Return every line from the listing where the word "also" occurs.
-.-.-
lemma norm_diff_scaleR_less:
  fixes p q :: "'a::real_inner"
  assumes p: "norm p \<le> N" and q: "norm q \<le> a"
    and t: "0 < t" "t \<le> 1" "t * (2 * N * a + a\<^sup>2) < \<delta>"
    and gap: "\<delta> \<le> N\<^sup>2 - (norm p)\<^sup>2 \<or> \<delta> \<le> inner p q"
  shows "(norm (p - t *\<^sub>R q))\<^sup>2 < N\<^sup>2"
proof -
  have N: "0 \<le> N" and a: "0 \<le> a"
    using p q norm_ge_zero order_trans by blast+
  have pp: "(norm p)\<^sup>2 \<le> N\<^sup>2" and qq: "t\<^sup>2 * (norm q)\<^sup>2 \<le> t\<^sup>2 * a\<^sup>2"
    using p q by (simp_all add: power_mono mult_left_mono)
  have "- (N * a) \<le> inner p q"
    using norm_cauchy_schwarz[of "- p" q] mult_mono[OF p q N norm_ge_zero] by simp
  then have pq: "- (t * (N * a)) \<le> t * inner p q"
    using mult_left_mono[of "- (N * a)" "inner p q" t] t(1) by simp
  have ta: "t * a\<^sup>2 < \<delta>"
    using t N a by (smt (verit) mult_nonneg_nonneg zero_le_power2 distrib_left)
  then have "t\<^sup>2 * a\<^sup>2 \<le> t * a\<^sup>2"
    using t by (simp add: power2_eq_square mult_right_mono)
  have expand: "(norm (p - t *\<^sub>R q))\<^sup>2 = (norm p)\<^sup>2 - 2 * (t * inner p q) + t\<^sup>2 * (norm q)\<^sup>2"
    by (simp add: norm_diff_scaleR_power2)
  from gap show ?thesis
  proof
    assume "\<delta> \<le> N\<^sup>2 - (norm p)\<^sup>2"
    moreover have "t * (2 * N * a + a\<^sup>2) = 2 * (t * (N * a)) + t * a\<^sup>2"
      by (simp add: algebra_simps)
    ultimately show ?thesis
      using expand qq pq t(3) \<open>t\<^sup>2 * a\<^sup>2 \<le> t * a\<^sup>2\<close> by linarith
  next
    assume "\<delta> \<le> inner p q"
    then have "t * \<delta> \<le> t * inner p q"
      using t(1) by (simp add: mult_left_mono)
    moreover have "t\<^sup>2 * a\<^sup>2 < t * \<delta>"
      using mult_strict_left_mono[OF ta t(1)] by (simp add: power2_eq_square mult.assoc)
    moreover have "0 \<le> t * a\<^sup>2"
      using t(1) by simp
    then have "0 < \<delta>"
      using ta by linarith
    then have "0 < t * \<delta>"
      using t(1) by simp
    ultimately show ?thesis
      using expand qq pp by linarith
  qed
qed

lemma exists_step_size:
  fixes C \<delta> :: real
  assumes "0 \<le> C" "0 < \<delta>"
  shows "\<exists>t. 0 < t \<and> t \<le> 1 \<and> t * C < \<delta>"
proof -
  define t where "t = \<delta> / (C + \<delta> + 1)"
  have "0 < t" "t \<le> 1"
    using assms by (simp_all add: t_def)
  moreover have "t * C < t * (C + \<delta> + 1)"
    using \<open>0 < t\<close> assms by (intro mult_strict_left_mono) auto
  moreover have "t * (C + \<delta> + 1) = \<delta>"
    using assms by (simp add: t_def)
  ultimately show ?thesis
    by auto
qed

text \<open>If A has positive correlation with B at every unit vector where B attains its norm, then
  subtracting a small multiple of A decreases the norm of B (by compactness of the sphere).\<close>
lemma not_bj_orth_if_norming_positive:
  fixes A B :: "complex^'n^'n"
  assumes pos: "\<And>h. norm h = 1 \<Longrightarrow> norm (B *v h) = opnorm B \<Longrightarrow> 0 < inner (B *v h) (A *v h)"
  shows "\<not> bj_orth B A"
proof
  assume bj: "bj_orth B A"
  define N where "N = opnorm B"
  define a where "a = opnorm A"
  let ?S = "sphere (0::complex^'n) 1"
  let ?G = "\<lambda>h. max (N\<^sup>2 - (norm (B *v h))\<^sup>2) (inner (B *v h) (A *v h))"
  have "0 < ?G h" if "h \<in> ?S" for h
  proof (cases "norm (B *v h) = N")
    case False
    moreover have "norm (B *v h) \<le> N"
      using that opnorm_bound[of B h] by (simp add: N_def)
    ultimately have "(norm (B *v h))\<^sup>2 < N\<^sup>2"
      by (intro power_strict_mono) auto
    then show ?thesis
      by (simp add: less_max_iff_disj)
  qed (use that pos in \<open>simp add: N_def less_max_iff_disj\<close>)
  moreover have "continuous_on ?S ?G"
    by (intro continuous_intros)
  ultimately obtain \<delta> where \<delta>: "0 < \<delta>" "\<And>h. h \<in> ?S \<Longrightarrow> \<delta> \<le> ?G h"
    using compact_uniformly_positive[OF compact_sphere] by blast
  have "0 \<le> 2 * N * a + a\<^sup>2"
    using opnorm_nonneg[of A] opnorm_nonneg[of B] by (simp add: N_def a_def)
  then obtain t where t: "0 < t" "t \<le> 1" "t * (2 * N * a + a\<^sup>2) < \<delta>"
    using exists_step_size \<delta>(1) by blast
  obtain h where h: "norm h = 1" "norm ((B + mat_scale (- of_real t) A) *v h) = opnorm (B + mat_scale (- of_real t) A)"
    using opnorm_attained by blast
  have "(B + mat_scale (- of_real t) A) *v h = B *v h - t *\<^sub>R (A *v h)"
    by (simp add: matrix_vector_mult_add_rdistrib mat_scale_mult_vec vector_smult_lneg of_real_scale_vec)
  moreover have "(norm (B *v h - t *\<^sub>R (A *v h)))\<^sup>2 < N\<^sup>2"
  proof (rule norm_diff_scaleR_less[OF _ _ t])
    show "norm (B *v h) \<le> N" "norm (A *v h) \<le> a"
      using h opnorm_bound[of B h] opnorm_bound[of A h] by (simp_all add: N_def a_def)
    show "\<delta> \<le> N\<^sup>2 - (norm (B *v h))\<^sup>2 \<or> \<delta> \<le> inner (B *v h) (A *v h)"
      using h \<delta>(2)[of h] by (simp add: le_max_iff_disj)
  qed
  ultimately have "(opnorm (B + mat_scale (- of_real t) A))\<^sup>2 < N\<^sup>2"
    using h by simp
  moreover have "N\<^sup>2 \<le> (opnorm (B + mat_scale (- of_real t) A))\<^sup>2"
    using bj opnorm_nonneg[of B] by (simp add: bj_orth_iff N_def power_mono)
  ultimately show False
    by simp
qed

lemma not_bj_orth_outer:
  fixes A :: "complex^'n^'n"
  assumes pos: "0 < Re (cinner w (A *v y))"
  shows "\<not> bj_orth (outer w y) A"
proof (rule not_bj_orth_if_norming_positive)
  let ?B = "outer w y"
  have "y \<noteq> 0" "w \<noteq> 0"
    using pos by (auto simp: cinner_simps)
  define u where "u = of_real (inverse (norm y)) *s y"
  have u: "norm u = 1" "y = of_real (norm y) *s u" "cinner y u = of_real (norm y)"
    using \<open>y \<noteq> 0\<close> by (simp_all add: u_def norm_scale_vec vector_smult_assoc norm_inverse
        cinner_scale_right cinner_self power2_eq_square)
  fix h :: "complex^'n"
  assume h: "norm h = 1" "norm (?B *v h) = opnorm ?B"
  define \<beta> where "\<beta> = cinner u h"
  have "cmod \<beta> = 1"
    using h \<open>w \<noteq> 0\<close> \<open>y \<noteq> 0\<close>
    by (simp add: \<beta>_def opnorm_outer outer_mult_vec norm_scale_vec u_def cinner_simps norm_mult
        norm_inverse)
  then have "h = \<beta> *s u"
    using eq_proj_if_norm_cinner[OF u(1) h(1)] by (simp add: \<beta>_def)
  then have "?B *v h = (\<beta> * of_real (norm y)) *s w" "A *v h = \<beta> *s (A *v u)"
    using u(3) by (simp_all add: outer_mult_vec cinner_simps vec.scale)
  moreover have "A *v y = of_real (norm y) *s (A *v u)"
    by (metis u(2) vec.scale)
  ultimately have "cinner (?B *v h) (A *v h) = (cnj \<beta> * \<beta>) * cinner w (A *v y)"
    by (simp add: cinner_simps)
  also have "cnj \<beta> * \<beta> = 1"
    using \<open>cmod \<beta> = 1\<close> by (metis complex_norm_square mult.commute of_real_1 power_one)
  finally show "0 < inner (?B *v h) (A *v h)"
    using pos by (simp add: Re_cinner[symmetric])
qed

lemma shear_opnorm_bound:
  fixes B :: "complex^'n^'n"
  assumes x: "norm x = 1" and e: "norm e = 1" and xe: "cinner x e = 0"
    and Q: "\<And>h. (norm (B *v h))\<^sup>2 = (cmod (cinner x h + cinner e h))\<^sup>2 + (cmod (cinner e h))\<^sup>2"
  shows "(cmod (s + t))\<^sup>2 + (cmod t)\<^sup>2 \<le> (opnorm B)\<^sup>2 * ((cmod s)\<^sup>2 + (cmod t)\<^sup>2)"
proof -
  have "cinner x (s *s x + t *s e) = s" "cinner e (s *s x + t *s e) = t"
    using x e xe by (simp_all add: cinner_simps cinner_self cinner_commute[of e x])
  moreover have "(norm (s *s x + t *s e))\<^sup>2 = (cmod s)\<^sup>2 + (cmod t)\<^sup>2"
    using x e xe by (simp add: pythagoras_cinner cinner_simps norm_scale_vec power_mult_distrib)
  moreover have "(norm (B *v (s *s x + t *s e)))\<^sup>2 \<le> (opnorm B * norm (s *s x + t *s e))\<^sup>2"
    by (rule power_mono[OF opnorm_bound norm_ge_zero])
  ultimately show ?thesis
    by (simp add: Q power_mult_distrib)
qed

text \<open>B acts on the orthonormal pair x, e as the shear matrix [[1, 1], [0, 1]] and kills their
  orthogonal complement; hence a unit vector where B attains its norm lies in the span of x and e,
  with coordinates of equal phase and both nonzero.\<close>
lemma shear_norming_vectors:
  fixes B :: "complex^'n^'n"
  assumes x: "norm x = 1" and e: "norm e = 1" and xe: "cinner x e = 0"
    and Q: "\<And>h. (norm (B *v h))\<^sup>2 = (cmod (cinner x h + cinner e h))\<^sup>2 + (cmod (cinner e h))\<^sup>2"
    and h: "norm h = 1" "norm (B *v h) = opnorm B"
  shows "h = cinner x h *s x + cinner e h *s e" "0 < Re (cnj (cinner x h) * cinner e h)"
proof -
  define N where "N = opnorm B"
  define \<alpha> where "\<alpha> = cinner x h"
  define \<beta> where "\<beta> = cinner e h"
  define p where "p = cmod \<alpha>"
  define q where "q = cmod \<beta>"
  note bound = shear_opnorm_bound[OF x e xe Q, folded N_def]
  have "5 \<le> 2 * N\<^sup>2"
    using bound[of 1 1] by simp
  have real_bound: "(p + q)\<^sup>2 + q\<^sup>2 \<le> N\<^sup>2 * (p\<^sup>2 + q\<^sup>2)"
    using bound[of "of_real p" "of_real q"] by (simp add: p_def q_def flip: of_real_add)
  have rest: "(norm (h - \<alpha> *s x - \<beta> *s e))\<^sup>2 = 1 - p\<^sup>2 - q\<^sup>2"
    using norm_diff_proj_pair_power2[OF x e xe, of h] h(1) by (simp add: \<alpha>_def \<beta>_def p_def q_def)
  then have "p\<^sup>2 + q\<^sup>2 \<le> 1"
    by (metis diff_diff_eq diff_ge_0_iff_ge zero_le_power2)
  have "N\<^sup>2 = (cmod (\<alpha> + \<beta>))\<^sup>2 + q\<^sup>2"
    using Q[of h] h(2) by (simp add: N_def \<alpha>_def \<beta>_def q_def)
  also have "\<dots> = p\<^sup>2 + 2 * Re (cnj \<alpha> * \<beta>) + 2 * q\<^sup>2"
    by (simp add: cmod_add_power2 p_def q_def)
  finally have N2: "N\<^sup>2 = p\<^sup>2 + 2 * Re (cnj \<alpha> * \<beta>) + 2 * q\<^sup>2" .
  have "Re (cnj \<alpha> * \<beta>) \<le> p * q"
    using complex_Re_le_cmod[of "cnj \<alpha> * \<beta>"] by (simp add: p_def q_def norm_mult)
  then have "N\<^sup>2 \<le> N\<^sup>2 * (p\<^sup>2 + q\<^sup>2)"
    using N2 real_bound by (simp add: power2_sum)
  then have pq: "p\<^sup>2 + q\<^sup>2 = 1"
    using \<open>p\<^sup>2 + q\<^sup>2 \<le> 1\<close> \<open>5 \<le> 2 * N\<^sup>2\<close> by (cases "N = 0") (simp_all add: mult_le_cancel_left1)
  then have Re: "Re (cnj \<alpha> * \<beta>) = p * q"
    using N2 real_bound \<open>Re (cnj \<alpha> * \<beta>) \<le> p * q\<close> by (simp add: power2_sum)
  have "(norm (h - \<alpha> *s x - \<beta> *s e))\<^sup>2 = 0"
    using rest pq by simp
  then have "h - \<alpha> *s x - \<beta> *s e = 0"
    by simp
  then show "h = \<alpha> *s x + \<beta> *s e"
    by (simp add: algebra_simps)
  have "p \<noteq> 0" "q \<noteq> 0"
    using N2 Re pq \<open>5 \<le> 2 * N\<^sup>2\<close> by auto
  then show "0 < Re (cnj \<alpha> * \<beta>)"
    using Re by (simp add: p_def q_def)
qed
-.-.-
**Task result**
  also have "cnj \<beta> * \<beta> = 1"
  also have "\<dots> = p\<^sup>2 + 2 * Re (cnj \<alpha> * \<beta>) + 2 * q\<^sup>2"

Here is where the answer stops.